Exercise prompt: Look through the lines below and copy each one that includes "then".

Collected data:
theorem lemma3:
  fixes p q :: real
  assumes "0 < p" "p < 1" "0 < q" "q < 1"
  shows "coop_surv_inf p q (1, 1) > 0 \<longleftrightarrow>
         (\<exists>N T :: nat. N \<ge> 1 \<and> T \<ge> 1 \<and>
            measure_pmf.expectation (coop_state p q T (N, N))
              (\<lambda>s. real (Zval s div N)) > 1)"
proof -
  interpret cooperative_model p q
    using assms by unfold_locales
  show ?thesis
  proof
    assume "coop_surv_inf p q (1, 1) > 0"
    then obtain T where "T \<ge> 1"
      and "1 < measure_pmf.expectation (coop_state p q T (1, 1)) (\<lambda>s. real (Zval s))"
      using coop_surv_inf_eq_0_if_mean_le_1 by force
    then show "\<exists>N T :: nat. N \<ge> 1 \<and> T \<ge> 1 \<and>
        measure_pmf.expectation (coop_state p q T (N, N)) (\<lambda>s. real (Zval s div N)) > 1"
      by (intro exI[of _ 1] exI[of _ T]) simp
  next
    assume "\<exists>N T :: nat. N \<ge> 1 \<and> T \<ge> 1 \<and>
        measure_pmf.expectation (coop_state p q T (N, N)) (\<lambda>s. real (Zval s div N)) > 1"
    then obtain N T :: nat where "N \<ge> 1" "T \<ge> 1"
      and "1 < measure_pmf.expectation (coop_state p q T (N, N)) (\<lambda>s. real (Zval s div N))"
      by blast
    then show "coop_surv_inf p q (1, 1) > 0"
      by (rule coop_surv_inf_pos_if_mean_gt_1)
  qed
qed

end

Solved exercise:
    then obtain T where "T \<ge> 1"
    then show "\<exists>N T :: nat. N \<ge> 1 \<and> T \<ge> 1 \<and>
    then obtain N T :: nat where "N \<ge> 1" "T \<ge> 1"
    then show "coop_surv_inf p q (1, 1) > 0"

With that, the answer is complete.